2. Gravesend Town Cemetery (1650)

The town plan for Gravesend was if not the first, one of the earliest planned communities in the United States. The town was settled in 1645 by Lady Deborah Moody, the first woman to receive a land charter in the colonies and by all accounts, quite a unique woman. Her out-of-the-box religious beliefs got her banned from London as well as Puritan Massachusetts where she first relocated to in the New World.

In the town plan of Gravesend, there were four quadrants within a 16 acre plot of land, each with ten houses surrounding a central common square. The common square in the southwest quadrant was used as the Gravesend Cemetery, which still exists today. Documents show that a cemetery was in operation here as early as 1650. Lady Moody herself is said to be buried in the cemetery, although her exact burial site is not known today. A plaque from the Gravesend Historical Society at the site notes that Revolutionary War soldiers are also buried here. Unfortunately, the gravestones from the 17th century are no longer there.
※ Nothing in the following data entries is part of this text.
lemma cyclotomic_two_primes_identity:
  fixes p q m n :: nat
  assumes "prime p" "prime q" "p \<noteq> q" "m > 0" "n > 0"
  defines "N \<equiv> p ^ m * q ^ n"
  shows "cyclotomic N * (monom 1 (N div q) - 1) * (monom 1 (N div p) - 1)
           = (monom 1 N - 1) * (monom 1 (N div (p * q)) - 1)"
proof -
  define f where "f = (\<lambda>k. [:-cis (2 * pi * real k / real N), 1:])"
  define R where "R = (\<lambda>P. prod f {k. k < N \<and> P k})"
  have "p > 1" "q > 1"
    using assms(1,2) prime_gt_1_nat by auto
  have "1 < p ^ m"
    using \<open>p > 1\<close> assms(4) by (rule one_less_power)
  moreover have "p ^ m \<le> N"
    unfolding N_def using \<open>q > 1\<close> by simp
  ultimately have "N > 1"
    by linarith
  have "p dvd N" "q dvd N" "p * q dvd N"
    unfolding N_def using assms(4,5) by (simp_all add: dvd_power mult_dvd_mono)
  have pq_dvd_iff: "p * q dvd k \<longleftrightarrow> p dvd k \<and> q dvd k" for k
    using assms(1-3) by (auto intro: divides_mult primes_coprime dvd_mult_left dvd_mult_right)
  have "coprime k N \<longleftrightarrow> \<not> p dvd k \<and> \<not> q dvd k" for k
    unfolding N_def using assms by (simp add: coprime_prime_right_iff)
  then have cyc: "cyclotomic N = R (\<lambda>k. \<not> p dvd k \<and> \<not> q dvd k)"
    unfolding R_def f_def using cyclotomic_eq_prod_coprime[OF \<open>N > 1\<close>] by simp
  have R_div: "monom 1 (N div d) - 1 = R (\<lambda>k. d dvd k)" if "d dvd N" for d
    unfolding R_def f_def using monom_minus_one_eq_prod_cis[OF _ that] \<open>N > 1\<close> by simp
  have inter: "R (\<lambda>k. q dvd k) * R (\<lambda>k. p dvd k) = R (\<lambda>k. p dvd k \<or> q dvd k) * R (\<lambda>k. p dvd k \<and> q dvd k)"
  proof -
    have split: "prod f ({k. k < N \<and> q dvd k} \<union> {k. k < N \<and> p dvd k}) * prod f ({k. k < N \<and> q dvd k} \<inter> {k. k < N \<and> p dvd k})
            = prod f {k. k < N \<and> q dvd k} * prod f {k. k < N \<and> p dvd k}"
      by (rule prod.union_inter) auto
    have "{k. k < N \<and> q dvd k} \<union> {k. k < N \<and> p dvd k} = {k. k < N \<and> (p dvd k \<or> q dvd k)}"
      "{k. k < N \<and> q dvd k} \<inter> {k. k < N \<and> p dvd k} = {k. k < N \<and> p dvd k \<and> q dvd k}"
      by auto
    with split show ?thesis
      unfolding R_def by (simp only:)
  qed
  have disj: "R (\<lambda>k. \<not> p dvd k \<and> \<not> q dvd k) * R (\<lambda>k. p dvd k \<or> q dvd k) = R (\<lambda>k. True)"
  proof -
    have split: "prod f ({k. k < N \<and> \<not> p dvd k \<and> \<not> q dvd k} \<union> {k. k < N \<and> (p dvd k \<or> q dvd k)})
            = prod f {k. k < N \<and> \<not> p dvd k \<and> \<not> q dvd k} * prod f {k. k < N \<and> (p dvd k \<or> q dvd k)}"
      by (rule prod.union_disjoint) auto
    have "{k. k < N \<and> \<not> p dvd k \<and> \<not> q dvd k} \<union> {k. k < N \<and> (p dvd k \<or> q dvd k)} = {k. k < N \<and> True}"
      by auto
    with split show ?thesis
      unfolding R_def by (simp only:)
  qed
  have "cyclotomic N * (monom 1 (N div q) - 1) * (monom 1 (N div p) - 1)
          = R (\<lambda>k. \<not> p dvd k \<and> \<not> q dvd k) * (R (\<lambda>k. q dvd k) * R (\<lambda>k. p dvd k))"
    using cyc R_div[OF \<open>q dvd N\<close>] R_div[OF \<open>p dvd N\<close>] by (simp only: mult.assoc)
  also have "\<dots> = R (\<lambda>k. \<not> p dvd k \<and> \<not> q dvd k) * R (\<lambda>k. p dvd k \<or> q dvd k) * R (\<lambda>k. p dvd k \<and> q dvd k)"
    unfolding inter by (simp only: mult.assoc)
  also have "\<dots> = R (\<lambda>k. True) * R (\<lambda>k. p dvd k \<and> q dvd k)"
    unfolding disj ..
  also have "\<dots> = (monom 1 N - 1) * (monom 1 (N div (p * q)) - 1)"
    using R_div[of 1] R_div[OF \<open>p * q dvd N\<close>] pq_dvd_iff by simp
  finally show ?thesis .
qed


lemma prime_powers_box_conditions:
  fixes p q m n :: nat
  assumes "prime p" "prime q" "p \<noteq> q"
  shows "coprime (p ^ m) (q ^ (n - 1))" "q ^ (n - 1) dvd q ^ n"
    and "coprime (q ^ n) (p ^ (m - 1))" "p ^ (m - 1) dvd p ^ m"
    and "q ^ (n - 1) > 0" "p ^ (m - 1) > 0"
proof -
  have "coprime p q" "p > 0" "q > 0"
    using assms by (simp_all add: primes_coprime prime_gt_0_nat)
  then show "coprime (p ^ m) (q ^ (n - 1))" "q ^ (n - 1) dvd q ^ n"
    and "coprime (q ^ n) (p ^ (m - 1))" "p ^ (m - 1) dvd p ^ m"
    and "q ^ (n - 1) > 0" "p ^ (m - 1) > 0"
    by (simp_all add: le_imp_power_dvd coprime_commute)
qed
(* Let $F$ be a field of characteristic zero, $G$ a finite group, $A$ a $G$-graded PI-algebra (GPI-algebra) over $F$, and $d_1,\dots,d_m$ positive integers; put $d=d_1+\cdots+d_m$. Let $\mathcal{U}(d_1,\dots,d_m;A)$ be the subalgebra of $UT(d_1,\dots,d_m;\mathcal{U}_G(A))$ generated by the generic matrices $\xi_k^{(g)}$, $k\in\mathbb{N}$, $g\in G$, defined as follows: for $1\le r\le s\le m$ and indices $i,j$ with $d_1+\cdots+d_{r-1}+1\le i\le d_1+\cdots+d_r$ and $d_1+\cdots+d_{s-1}+1\le j\le d_1+\cdots+d_s$, the $(i,j)$ entry of $\xi_k^{(g)}$ is $x_{ij,k}^{(g)}+T_G(A)\in\mathcal{U}_G(A)$, where the $x_{ij,k}^{(g)}$ are pairwise distinct free generators of degree $g$; all entries below the diagonal blocks are $0$. Then the graded homomorphism $F\langle X\rangle\to\mathcal{U}(d_1,\dots,d_m;A)$ sending $x_k^{(g)}\mapsto\xi_k^{(g)}$ is surjective with kernel $T_G(UT(d_1,\dots,d_m;A))$; in particular \[\mathcal{U}(d_1,\dots,d_m;A)\cong \frac{F\langle X\rangle}{T_G(UT(d_1,\dots,d_m;A))}.\]
   Context: All algebras are associative and unitary. $X=\bigcup_{g\in G}X^g$ is a disjoint union of countable sets, $X^g=\{x_1^{(g)},x_2^{(g)},\dots\}$ consisting of variables of degree $g$, and $F\langle X\rangle$ is the free associative algebra on $X$, $G$-graded by declaring a monomial $x_{i_1}\cdots x_{i_k}$ to have degree $\deg(x_{i_1})\cdots\deg(x_{i_k})$. For a $G$-graded algebra $A=\bigoplus_g A^g$, a graded polynomial $f(x_1,\dots,x_t)$ is a graded identity of $A$ if $f(a_1,\dots,a_t)=0$ whenever $a_i\in A^{\deg(x_i)}$; $T_G(A)$ is the ideal of all graded identities, and $\mathcal{U}_G(A)=F\langle X\rangle/T_G(A)$ is the relatively free $G$-graded algebra of $A$ (here taken over a sufficiently large set of graded variables, including the $x_{ij,k}^{(g)}$). A GPI-algebra is a $G$-graded algebra with a nonzero graded identity. $UT(d_1,\dots,d_m;A)$ denotes the algebra of block upper-triangular matrices in $M_{d}(A)$ whose $(r,s)$ block ($r\le s$) is an arbitrary $d_r\times d_s$ matrix over $A$ and whose blocks below the diagonal are zero; it is $G$-graded by letting its degree-$g$ component consist of the matrices all of whose entries lie in $A^g$. *)

theory Defs
  imports Complex_Main "HOL-Library.Poly_Mapping" "HOL-Library.Function_Algebras" "HOL-Algebra.Group"
begin

(* ---------- Free associative algebra F<V> ----------
   A noncommutative polynomial over 'f in variables 'v is a finitely supported
   function from words (lists of variables) to coefficients. *)
type_synonym ('v, 'f) fpoly = "'v list \<Rightarrow>\<^sub>0 'f"

definition psmul :: "'f::semiring_0 \<Rightarrow> ('v, 'f) fpoly \<Rightarrow> ('v, 'f) fpoly" where
  "psmul c p = (\<Sum>w\<in>Poly_Mapping.keys p. Poly_Mapping.single w (c * Poly_Mapping.lookup p w))"

definition pmul :: "('v, 'f::semiring_0) fpoly \<Rightarrow> ('v, 'f) fpoly \<Rightarrow> ('v, 'f) fpoly" where
  "pmul p q = (\<Sum>u\<in>Poly_Mapping.keys p. \<Sum>w\<in>Poly_Mapping.keys q. Poly_Mapping.single (u @ w) (Poly_Mapping.lookup p u * Poly_Mapping.lookup q w))"

definition pone :: "('v, 'f::{zero,one}) fpoly" where
  "pone = Poly_Mapping.single [] 1"

definition pvar :: "'v \<Rightarrow> ('v, 'f::{zero,one}) fpoly" where
  "pvar v = Poly_Mapping.single [v] 1"

(* ---------- Evaluation of a polynomial in an algebra, given its operations ----------
   sc = scalar multiplication, mul = multiplication, un = unit; addition / zero
   are those of the type. *)
definition prodl :: "('b \<Rightarrow> 'b \<Rightarrow> 'b) \<Rightarrow> 'b \<Rightarrow> 'b list \<Rightarrow> 'b" where
  "prodl mul un xs = foldr mul xs un"

definition geval :: "('f::zero \<Rightarrow> 'b::comm_monoid_add \<Rightarrow> 'b) \<Rightarrow> ('b \<Rightarrow> 'b \<Rightarrow> 'b) \<Rightarrow> 'b
     \<Rightarrow> ('v \<Rightarrow> 'b) \<Rightarrow> ('v, 'f) fpoly \<Rightarrow> 'b" where
  "geval sc mul un \<phi> f = (\<Sum>w\<in>Poly_Mapping.keys f. sc (Poly_Mapping.lookup f w) (prodl mul un (map \<phi> w)))"

(* ---------- Graded identities ----------
   deg gives the G-degree of each variable; cmp g is the homogeneous component
   of degree g of the target algebra. *)
definition graded_identity ::
  "('g, 'z) monoid_scheme \<Rightarrow> ('v \<Rightarrow> 'g) \<Rightarrow> ('g \<Rightarrow> 'b set)
   \<Rightarrow> ('f::zero \<Rightarrow> 'b::comm_monoid_add \<Rightarrow> 'b) \<Rightarrow> ('b \<Rightarrow> 'b \<Rightarrow> 'b) \<Rightarrow> 'b
   \<Rightarrow> ('v, 'f) fpoly \<Rightarrow> bool" where
  "graded_identity G deg cmp sc mul un f \<longleftrightarrow>
     (\<forall>\<phi>. (\<forall>v. deg v \<in> carrier G \<longrightarrow> \<phi> v \<in> cmp (deg v)) \<longrightarrow> geval sc mul un \<phi> f = 0)"

(* F<X>: polynomials in variables x_k^(g) = (g,k) with g \<in> G *)
definition FX :: "('g, 'z) monoid_scheme \<Rightarrow> (('g \<times> 'i), 'f::zero) fpoly set" where
  "FX G = {f. \<forall>w\<in>Poly_Mapping.keys f. \<forall>v\<in>set w. fst v \<in> carrier G}"

definition F_algebra :: "('f::field \<Rightarrow> 'a::ring_1 \<Rightarrow> 'a) \<Rightarrow> bool" where
  "F_algebra s \<longleftrightarrow> Vector_Spaces.vector_space s \<and>
     (\<forall>c x y. s c (x * y) = s c x * y \<and> s c (x * y) = x * s c y)"

definition graded_F_algebra ::
  "('g, 'z) monoid_scheme \<Rightarrow> ('f::field \<Rightarrow> 'a::ring_1 \<Rightarrow> 'a) \<Rightarrow> ('g \<Rightarrow> 'a set) \<Rightarrow> bool" where
  "graded_F_algebra G s A \<longleftrightarrow> F_algebra s \<and>
     (\<forall>g\<in>carrier G. 0 \<in> A g \<and> (\<forall>x\<in>A g. \<forall>y\<in>A g. x + y \<in> A g) \<and> (\<forall>c. \<forall>x\<in>A g. s c x \<in> A g)) \<and>
     (\<forall>g\<in>carrier G. \<forall>h\<in>carrier G. \<forall>x\<in>A g. \<forall>y\<in>A h. x * y \<in> A (g \<otimes>\<^bsub>G\<^esub> h)) \<and>
     (\<forall>a. \<exists>!c. (\<forall>g. g \<notin> carrier G \<longrightarrow> c g = 0) \<and> (\<forall>g\<in>carrier G. c g \<in> A g) \<and>
              a = (\<Sum>g\<in>carrier G. c g))"

(* ---------- Matrices (0-based, size d, entries outside range are 0) ---------- *)
type_synonym 'b mat = "nat \<Rightarrow> nat \<Rightarrow> 'b"

definition mat_mul :: "nat \<Rightarrow> ('b \<Rightarrow> 'b \<Rightarrow> 'b::comm_monoid_add) \<Rightarrow> 'b mat \<Rightarrow> 'b mat \<Rightarrow> 'b mat" where
  "mat_mul d mul M N = (\<lambda>i j. if i < d \<and> j < d then \<Sum>l<d. mul (M i l) (N l j) else 0)"

definition mat_one :: "nat \<Rightarrow> 'b \<Rightarrow> 'b::zero mat" where
  "mat_one d un = (\<lambda>i j. if i < d \<and> i = j then un else 0)"

definition mat_smul :: "('f \<Rightarrow> 'b \<Rightarrow> 'b) \<Rightarrow> 'f \<Rightarrow> 'b mat \<Rightarrow> 'b mat" where
  "mat_smul sc c M = (\<lambda>i j. sc c (M i j))"

(* block index (0-based) of row/column i for block sizes ds *)
definition blk :: "nat list \<Rightarrow> nat \<Rightarrow> nat" where
  "blk ds i = (LEAST r. i < sum_list (take (Suc r) ds))"

(* degree-g component of UT(d_1,...,d_m; A) *)
definition UTcomp :: "nat list \<Rightarrow> ('g \<Rightarrow> 'a::zero set) \<Rightarrow> 'g \<Rightarrow> 'a mat set" where
  "UTcomp ds A g = {M. \<forall>i j. (M i j \<noteq> 0 \<longrightarrow> i < sum_list ds \<and> j < sum_list ds \<and> blk ds i \<le> blk ds j)
                          \<and> M i j \<in> A g}"
text \<open>The matrix A_k of size (2k+1) x (4k+2). Columns 0..k-1, k..2k-1, 2k..3k-1,
  3k..4k-1 are the four identity blocks, column 4k and column 4k+1 the two last columns.
  Rows 0..k-1, k..2k-1 and row 2k.\<close>
definition A_mat :: "nat \<Rightarrow> nat \<Rightarrow> nat \<Rightarrow> int" where
  "A_mat k i j =
     (if i < k then (if j = i \<or> j = k + i then 1 else if j = 4*k then -1 else 0)
      else if i < 2*k then (if j = k + i \<or> j = 2*k + i then 1 else if j = 4*k + 1 then -1 else 0)
      else if i = 2*k then (if j = 4*k \<or> j = 4*k + 1 then 1 else 0)
      else 0)"

definition b_vec :: "nat \<Rightarrow> (nat \<Rightarrow> int) \<Rightarrow> (nat \<Rightarrow> int) \<Rightarrow> int \<Rightarrow> nat \<Rightarrow> int" where
  "b_vec k w1 w2 c i =
     (if i < k then w1 i else if i < 2*k then w2 (i - k) else if i = 2*k then c else 0)"

definition neg_inf_norm :: "nat \<Rightarrow> (nat \<Rightarrow> int) \<Rightarrow> int" where
  "neg_inf_norm k w = Max ((\<lambda>i. max (- w i) 0) ` {..<k})"

definition supp_card_shift :: "nat \<Rightarrow> (nat \<Rightarrow> int) \<Rightarrow> int \<Rightarrow> nat" where
  "supp_card_shift k w a = card {i. i < k \<and> w i + a \<noteq> 0}"
lemma sdprod_mult [simp]: "(v, k) \<otimes>\<^bsub>sdprod A\<^esub> (w, j) = (v + mat_ipow A k *v w, k + j)"
  by (simp add: sdprod_def)

lemma sdprod_inv:
  assumes "invertible A"
  shows "inv\<^bsub>sdprod A\<^esub> (v, k) = (- (mat_ipow A (- k) *v v), - k)"
  unfolding m_inv_def
proof (rule the_equality)
  show "(- (mat_ipow A (- k) *v v), - k) \<in> carrier (sdprod A) \<and>
      (v, k) \<otimes>\<^bsub>sdprod A\<^esub> (- (mat_ipow A (- k) *v v), - k) = \<one>\<^bsub>sdprod A\<^esub> \<and>
      (- (mat_ipow A (- k) *v v), - k) \<otimes>\<^bsub>sdprod A\<^esub> (v, k) = \<one>\<^bsub>sdprod A\<^esub>"
    using mat_ipow_mult_mat_ipow_uminus[OF assms, of k]
    by (simp add: matrix_vector_mul_assoc matrix_vector_mult_uminus_right)
next
  fix y
  assume "y \<in> carrier (sdprod A) \<and> (v, k) \<otimes>\<^bsub>sdprod A\<^esub> y = \<one>\<^bsub>sdprod A\<^esub> \<and>
      y \<otimes>\<^bsub>sdprod A\<^esub> (v, k) = \<one>\<^bsub>sdprod A\<^esub>"
  moreover obtain w j where y: "y = (w, j)"
    by fastforce
  ultimately have "w + mat_ipow A j *v v = 0" and "j = - k"
    by simp_all
  then show "y = (- (mat_ipow A (- k) *v v), - k)"
    by (simp add: y add_eq_0_iff2)
qed

lemma sdprod_nat_pow_fibre: "(v, 0) [^]\<^bsub>sdprod A\<^esub> (n::nat) = (of_nat n *s v, 0)"
  by (induction n) (auto simp: vec_eq_iff algebra_simps)

lemma sdprod_int_pow_fibre:
  assumes "invertible A"
  shows "(v, 0) [^]\<^bsub>sdprod A\<^esub> (k::int) = (of_int k *s v, 0)"
  by (simp add: int_pow_def2 sdprod_nat_pow_fibre sdprod_inv[OF assms] vec_eq_iff)

lemma length_function_sdprod_scale:
  assumes "invertible A" and "length_function (sdprod A) l"
  shows "l (of_int k *s v, 0) = \<bar>of_int k\<bar> * l (v, 0)"
proof -
  have "l ((v, 0) [^]\<^bsub>sdprod A\<^esub> k) = \<bar>of_int k\<bar> * l (v, 0)"
    using assms(2) unfolding length_function_def sdprod_carrier by blast
  then show ?thesis
    by (simp add: sdprod_int_pow_fibre[OF assms(1)])
qed

lemma length_function_sdprod_add:
  assumes "length_function (sdprod A) l"
  shows "l (v + w, 0) \<le> l (v, 0) + l (w, 0)"
proof -
  have "(v, 0) \<otimes>\<^bsub>sdprod A\<^esub> (w, 0) = (w, 0) \<otimes>\<^bsub>sdprod A\<^esub> (v, 0)"
    by (simp add: add.commute)
  then have "l ((v, 0) \<otimes>\<^bsub>sdprod A\<^esub> (w, 0)) \<le> l (v, 0) + l (w, 0)"
    using assms unfolding length_function_def sdprod_carrier by blast
  then show ?thesis
    by simp
qed

lemma length_function_sdprod_action:
  assumes "invertible A" and "length_function (sdprod A) l"
  shows "l (A *v v, 0) = l (v, 0)"
proof -
  have "(0, 1) \<otimes>\<^bsub>sdprod A\<^esub> (v, 0) \<otimes>\<^bsub>sdprod A\<^esub> inv\<^bsub>sdprod A\<^esub> (0, 1) = (A *v v, 0)"
    by (simp add: sdprod_inv[OF assms(1)])
  then show ?thesis
    using assms(2) unfolding length_function_def sdprod_carrier by (metis UNIV_I)
qed

lemma purely_positive_sdprod_fibre:
  assumes "purely_positive (sdprod A) l" and "v \<noteq> 0"
  shows "0 < l (v, 0)"
proof -
  have "infinite_order (sdprod A) (v, 0)"
    using assms(2) by (auto simp: infinite_order_def sdprod_nat_pow_fibre vec_eq_iff)
  then show ?thesis
    using assms(1) by (simp add: purely_positive_def)
qed

lemma finite_sublevel_if_discrete:
  fixes L :: "int^'n \<Rightarrow> real"
  assumes scale: "\<And>k v. L (of_int k *s v) = \<bar>of_int k\<bar> * L v"
    and add: "\<And>v w. L (v + w) \<le> L v + L w"
    and gap: "\<And>v. v \<noteq> 0 \<Longrightarrow> c \<le> L v"
    and "c > 0"
  shows "finite {v. L v \<le> R}"
proof (rule ccontr)
  define S where "S = {v. L v \<le> R}"
  assume "infinite {v. L v \<le> R}"
  then have "infinite S"
    by (simp add: S_def)
  define q :: nat where "q = nat \<lceil>2 * R / c\<rceil> + 1"
  have "q > 0"
    by (simp add: q_def)
  have "2 * R / c < real q"
    unfolding q_def by linarith
  then have q_large: "2 * R < real q * c"
    using \<open>c > 0\<close> by (simp add: divide_less_eq)
  define residues where "residues v = (\<lambda>i. v $ i mod int q)" for v :: "int^'n"
  have "residues ` S \<subseteq> Pi\<^sub>E UNIV (\<lambda>_. {0..<int q})"
    using \<open>q > 0\<close> by (auto simp: residues_def PiE_UNIV_domain)
  then have "finite (residues ` S)"
    by (rule finite_subset) (simp add: finite_PiE)
  then have "\<not> inj_on residues S"
    using \<open>infinite S\<close> finite_imageD by blast
  then obtain v w where vw: "v \<in> S" "w \<in> S" "v \<noteq> w" "residues v = residues w"
    unfolding inj_on_def by blast
  define u where "u = (\<chi> i. (v $ i - w $ i) div int q)"
  have "int q dvd v $ i - w $ i" for i
    using fun_cong[OF vw(4), of i] by (simp add: residues_def mod_eq_dvd_iff)
  then have v_w: "v - w = of_int (int q) *s u"
    by (simp add: u_def vec_eq_iff)
  then have "u \<noteq> 0"
    using vw(3) by auto
  have "real q * c \<le> real q * L u"
    using gap[OF \<open>u \<noteq> 0\<close>] by (simp add: mult_left_mono)
  also have "\<dots> = L (v - w)"
    using scale[of "int q" u] v_w by simp
  also have "\<dots> \<le> L v + L (- w)"
    using add[of v "- w"] by simp
  also have "\<dots> \<le> 2 * R"
    using vw(1,2) scale[of "- 1" w] by (simp add: S_def flip: vector_sneg_minus1)
  finally show False
    using q_large by simp
qed

lemma matrix_vector_mult_axis_nth: "(M *v axis j 1) $ i = M $ i $ j"
  by (simp add: matrix_vector_mult_def axis_def if_distrib cong: if_cong)

lemma finite_range_mat_npow:
  fixes A :: "int^'n^'n" and L :: "int^'n \<Rightarrow> real"
  assumes fin: "\<And>R. finite {v. L v \<le> R}"
    and invariant: "\<And>v. L (A *v v) = L v"
  shows "finite (range (mat_npow A))"
proof -
  define R where "R = Max (range (\<lambda>j. L (axis j 1)))"
  define columns where "columns M = (\<lambda>j. M *v axis j 1)" for M :: "int^'n^'n"
  have "L (mat_npow A k *v v) = L v" for k v
    by (induction k arbitrary: v) (simp_all add: matrix_vector_mul_assoc[symmetric] invariant)
  then have "columns ` range (mat_npow A) \<subseteq> Pi\<^sub>E UNIV (\<lambda>_. {v. L v \<le> R})"
    by (auto simp: columns_def PiE_UNIV_domain R_def)
  then have "finite (columns ` range (mat_npow A))"
    by (rule finite_subset) (simp add: finite_PiE fin)
  moreover have "inj columns"
    by (rule injI) (simp add: columns_def fun_eq_iff vec_eq_iff flip: matrix_vector_mult_axis_nth)
  ultimately show ?thesis
    using finite_imageD inj_on_subset by blast
qed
Because the Gravesend cemetery was a town burial place, it changed jurisdictions several times — in 1894 it became part of the city of Brooklyn, and in 1898 part of New York City when the five boroughs were consolidated. By the turn of the century, burials were less frequent, mostly for descendants of the original settlers who had plots left. In 1917, the city tried to return the cemetery to the Dutch Reformed Church which refused to take it. To this day, the cemetery is locked although you can see inside through the fences on the street. If you want access into the cemetery, you have to call New York City Parks & Recreation.